It is very common for patients to open their mouths during DISE, as they usually do at home. If the mouth is open, the tongue may move backward, pushing the soft palate and further obstructing the UA. Changes to the areas and pattern of obstruction can be observed by just closing the mouth. This maneuver (often called chin-lift) is different from the Esmarch maneuver, which gently pulls the mandible forward to simulate the effect of a mandibular advancement device (MAD). As showed by the Antwerp group, maximum advancement of the mandible does not represent what a MAD can achieve [24]. Other than the advancement of the mandible, the thickness of a MAD needs to be simulated as well. Therefore, an interincisive distance of approximately 5 mm is necessary to mimic a MAD. The authors pull the mandible by grabbing it with the fingers inside the mouth in order to mimic the thickness and the protrusion of the MAD in place. This maneuver is also believed to be less painful compared with pushing the mandible at its angle (Figure 1). Performing DISE with a custom-made MAD is also feasible. DISE can begin with the MAD in place. The device can be removed after observing the UA for potential collapse for at least two cycles (stable snoring, apneas/hypopneas and breathing), and the UA can be observed for another two or more cycles with different positions and maneuvers. This is because insertion of a MAD while the patient is sedated is extremely difficult, while removal is much easier with less arousal for the patient [24,25].
We have previously discussed the backward movement of the tongue that pushes the soft palate causing velum collapse. The Esmarch maneuver may be useful to appreciate and differentiate the obstruction related to the tongue and soft palate. Sometimes velar collapse can contribute to secondary tongue or epiglottis collapse. It has been reported that not all UA collapses observed during DISE need to be addressed to achieve a successful result [26,27]. It is important to identify and surgically address areas of primary UA collapse, which in turn leads to improvement in areas of secondary collapse. Victores et al. proposed the use of a nasopharyngeal tube to overcome palatal collapse. After the insertion of the tube, many patients with multilevel collapse were noted to have improvement or complete resolution of the multilevel collapse. Complete resolution of tongue base collapse was rare compared to the lateral pharyngeal wall and epiglottis. This study also noted another interesting finding: the improvement of complete palatal collapse can also reduce downstream lateral pharyngeal wall and epiglottis collapse. The authors concluded that lateral pharyngeal wall and epiglottis obstruction were dependent on the complete palatal collapse. On the contrary, improving incomplete palatal obstruction did not significantly modify downstream UA morphology [28]. Although more studies should be made to confirm those results, it appears that any tongue base or epiglottis collapse observed while the palate is open should be considered primary collapse. Complete palatal obstruction can create negative pressure, leading to UA collapse downstream of the soft palate. Lateral pharyngeal wall collapse was the site most dependent on palatal collapse, followed by the epiglottis, while the tongue base appeared to be independent of the palatal obstruction.

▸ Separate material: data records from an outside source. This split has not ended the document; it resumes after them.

lemma mean_square_kronecker_kernel:
  assumes P: "finite P" "\<And>p. p \<in> P \<Longrightarrow> prime p" and f_norm: "\<And>p. p \<in> P \<Longrightarrow> norm (f p) = 1"
    and "0 \<le> T"
  shows "\<exists>J. ((\<lambda>t. (norm (kronecker_kernel f N r P t))\<^sup>2) has_integral J) {0..T} \<and>
             \<bar>J - T * geom_pow_sq_sum N r ^ card P\<bar>
               \<le> 2 * real (N + 1) ^ (2 * r * card P) * real ((\<Prod>P) ^ (r * N))"
proof -
  define V where "V = PiE P (\<lambda>_. {..r * N})"
  define c where "c v = (\<Prod>p\<in>P. geom_pow_coeff N r (v p) * cnj (f p) ^ v p)" for v
  define \<omega> where "\<omega> v = (\<Sum>p\<in>P. v p * ln (real p))" for v :: "nat \<Rightarrow> nat"
  define Q where "Q = (\<Prod>P) ^ (r * N)"
  have "finite V"
    unfolding V_def using P(1) by (intro finite_PiE) auto
  moreover have "0 < Q"
    unfolding Q_def using P(2) by (simp add: prod_pos prime_gt_0_nat)
  moreover have "1 / real Q \<le> \<bar>\<omega> v - \<omega> w\<bar>" if "v \<in> V" "w \<in> V" "v \<noteq> w" for v w
    using sum_ln_prime_powers_separated[OF P] that unfolding V_def Q_def \<omega>_def by blast
  ultimately obtain J where J: "((\<lambda>t. (norm (\<Sum>v\<in>V. c v * cis (t * \<omega> v)))\<^sup>2) has_integral J) {0..T}"
    and J_bound: "\<bar>J - T * (\<Sum>v\<in>V. (norm (c v))\<^sup>2)\<bar> \<le> 2 * (\<Sum>v\<in>V. norm (c v))\<^sup>2 / (1 / real Q)"
    using mean_square_sum_cis[of V T "1 / real Q" \<omega> c] \<open>0 \<le> T\<close> by auto
  have norm_c: "norm (c v) = (\<Prod>p\<in>P. norm (geom_pow_coeff N r (v p)))" for v
    unfolding c_def prod_norm[symmetric] using f_norm by (simp add: norm_mult norm_power)
  have "(\<Sum>v\<in>V. (norm (c v))\<^sup>2) = (\<Sum>v\<in>V. \<Prod>p\<in>P. (norm (geom_pow_coeff N r (v p)))\<^sup>2)"
    by (simp add: norm_c prod_power_distrib)
  also have "\<dots> = (\<Prod>p\<in>P. \<Sum>s\<le>r * N. (norm (geom_pow_coeff N r s))\<^sup>2)"
    unfolding V_def using P(1) by (intro prod_sum_PiE[symmetric]) auto
  finally have sum_sq: "(\<Sum>v\<in>V. (norm (c v))\<^sup>2) = geom_pow_sq_sum N r ^ card P"
    by (simp add: geom_pow_sq_sum_def)
  have "(\<Sum>v\<in>V. norm (c v)) = (\<Prod>p\<in>P. \<Sum>s\<le>r * N. norm (geom_pow_coeff N r s))"
    unfolding norm_c V_def using P(1) by (intro prod_sum_PiE[symmetric]) auto
  then have "(\<Sum>v\<in>V. norm (c v))\<^sup>2 = real (N + 1) ^ (2 * r * card P)"
    unfolding sum_norm_geom_pow_coeff by (simp add: power_mult[symmetric] mult_ac)
  moreover have "kronecker_kernel f N r P t = (\<Sum>v\<in>V. c v * cis (t * \<omega> v))" for t
    unfolding kronecker_kernel_expand[OF P(1)] V_def c_def \<omega>_def ..
  ultimately show ?thesis
    using J J_bound unfolding sum_sq Q_def by auto
qed
lemma subset_inner_unchanged:
  assumes y: "y \<in> P" "a \<notin> set (pth y)" and z: "z \<in> P" "pth' z \<noteq> []"
    and sub: "set (pth' z) \<subseteq> inner (pth y)"
  shows "set (pth z) \<subseteq> inner (pth y)"
proof -
  have "a \<notin> set (pth z)"
  proof
    assume "a \<in> set (pth z)"
    then obtain c where c: "c \<in> set (pth' z)" "Adj c a" using pth'_neighbour_of_a z by blast
    then have "consecutive (pth y) c a" using adj_inner_iff_consecutive[OF y(1)] sub by blast
    then show False using y(2) consecutive_in_set by metis
  qed
  then show ?thesis using sub set_pth_minus_a[of z] by auto
qed

lemma subset_inner_removeAll:
  assumes y: "y \<in> P" "a \<in> set (pth y)" and z: "z \<in> P" "pth' z \<noteq> []"
    and sub: "set (pth' z) \<subseteq> inner (removeAll a (pth y))"
  shows "set (pth z) \<subseteq> inner (pth y)"
proof -
  note inner_y = inner_removeAll[OF distinct_path[OF y(1)] y(2)]
  have "a \<in> inner (pth y)" if "a \<in> set (pth z)"
  proof -
    obtain c where c: "c \<in> set (pth' z)" "Adj c a" using pth'_neighbour_of_a z \<open>a \<in> set (pth z)\<close> by blast
    then have "c \<in> inner (pth y)" using inner_y sub by blast
    then have "consecutive (pth y) c a" using adj_inner_iff_consecutive[OF y(1)] c(2) by blast
    then show ?thesis using inner_y(2) sub c(1) by blast
  qed
  moreover have "set (pth z) - {a} \<subseteq> inner (pth y)" using set_pth_minus_a[of z] sub inner_y(1) by auto
  ultimately show ?thesis by blast
qed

2.4. Observation Window, Events and Classification

The UA is observed once the desired sedation level is achieved, when the patient does not respond to verbal stimuli, and when a BIS signal of between 70 and 50 is reached. It is better to begin the observation at the upper part of the airway just below the choana, in order to see the palate and how it closes. Sometimes there may be tongue base or epiglottis collapse while the palate is still open. Most of the time it is impossible to see the tongue base and epiglottis, as the soft palate is closed. After observing the soft palate for 1–2 min, the scope can be advanced downward to observe the rest of the UA. After observing every level, we can proceed with the maneuvers. DISE should take approximately 15–30 min. Longer observation is not useful, as the UA will be full of saliva due to the inhibition of deglutition by propofol [20].
The events that must be observed are the areas of vibration and collapse as well as the shapes of the collapse. For proper assessment of the shapes of obstruction, the tip of the endoscope should be in the middle of the UA [6].
Unfortunately, there is no consensus on the ideal classification. All of them have their own advantages, but none is perfect. Sometimes it can be difficult to categorize the UA findings for the patient as the areas or shapes of collapse can change during the test. Although there is no need to use a classification system to understand the UA behavior, or to choose a tailor-made treatment for each patient, a standardized classification method is of utmost importance to compare findings between patients and results of different types of surgery. Due to its simplicity, a modified VOTE classification was recommended in the updated position paper on DISE (Table 1). Modifications include allowing any pattern of tongue base collapse and descriptive notes about the main structure causing the collapse. For example, we can indicate that the lateral wall collapse is caused by tonsillar hypertrophy, whereas tongue base collapse by lymphoid tissue. Patients with obvious lymphoid tissue hypertrophy should have a better response rate to surgery. Images of the possible complete obstructions are shown in Figure 2.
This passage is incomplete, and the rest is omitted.